Data shown.
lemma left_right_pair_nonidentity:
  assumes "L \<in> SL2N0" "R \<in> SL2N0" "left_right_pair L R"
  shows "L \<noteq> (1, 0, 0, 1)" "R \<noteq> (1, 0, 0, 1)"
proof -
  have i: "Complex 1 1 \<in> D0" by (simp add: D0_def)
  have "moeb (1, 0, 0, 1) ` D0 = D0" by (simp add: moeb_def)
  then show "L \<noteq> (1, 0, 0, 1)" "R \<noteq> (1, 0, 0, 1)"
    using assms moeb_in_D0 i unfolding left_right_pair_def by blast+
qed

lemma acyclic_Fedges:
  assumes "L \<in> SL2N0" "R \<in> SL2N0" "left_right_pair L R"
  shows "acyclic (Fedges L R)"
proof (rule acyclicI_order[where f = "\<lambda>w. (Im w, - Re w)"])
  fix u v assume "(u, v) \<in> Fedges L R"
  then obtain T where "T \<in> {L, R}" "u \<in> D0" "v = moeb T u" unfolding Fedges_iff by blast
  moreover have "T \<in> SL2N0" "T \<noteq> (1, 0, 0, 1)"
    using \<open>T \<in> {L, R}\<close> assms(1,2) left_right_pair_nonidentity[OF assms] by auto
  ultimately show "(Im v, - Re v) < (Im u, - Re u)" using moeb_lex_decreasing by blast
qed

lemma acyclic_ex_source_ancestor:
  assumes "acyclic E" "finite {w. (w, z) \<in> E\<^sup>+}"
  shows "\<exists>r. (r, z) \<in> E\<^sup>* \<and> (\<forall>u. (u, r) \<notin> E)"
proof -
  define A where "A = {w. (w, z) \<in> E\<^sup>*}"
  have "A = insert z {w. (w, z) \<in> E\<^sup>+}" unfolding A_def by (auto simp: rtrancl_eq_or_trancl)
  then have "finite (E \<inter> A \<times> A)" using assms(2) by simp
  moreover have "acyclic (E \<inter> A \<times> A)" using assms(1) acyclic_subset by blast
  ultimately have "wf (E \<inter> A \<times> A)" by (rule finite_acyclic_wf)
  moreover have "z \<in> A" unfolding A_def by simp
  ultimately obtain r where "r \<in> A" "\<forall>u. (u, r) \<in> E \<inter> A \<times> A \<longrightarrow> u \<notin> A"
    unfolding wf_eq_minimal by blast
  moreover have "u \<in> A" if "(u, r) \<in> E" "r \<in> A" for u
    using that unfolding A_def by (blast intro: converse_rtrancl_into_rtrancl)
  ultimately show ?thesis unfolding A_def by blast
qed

Assignment. When the string "forall" occurs in a line of the material, that line belongs in the answer.

Exercise output.
  shows "\<exists>r. (r, z) \<in> E\<^sup>* \<and> (\<forall>u. (u, r) \<notin> E)"
  ultimately obtain r where "r \<in> A" "\<forall>u. (u, r) \<in> E \<inter> A \<times> A \<longrightarrow> u \<notin> A"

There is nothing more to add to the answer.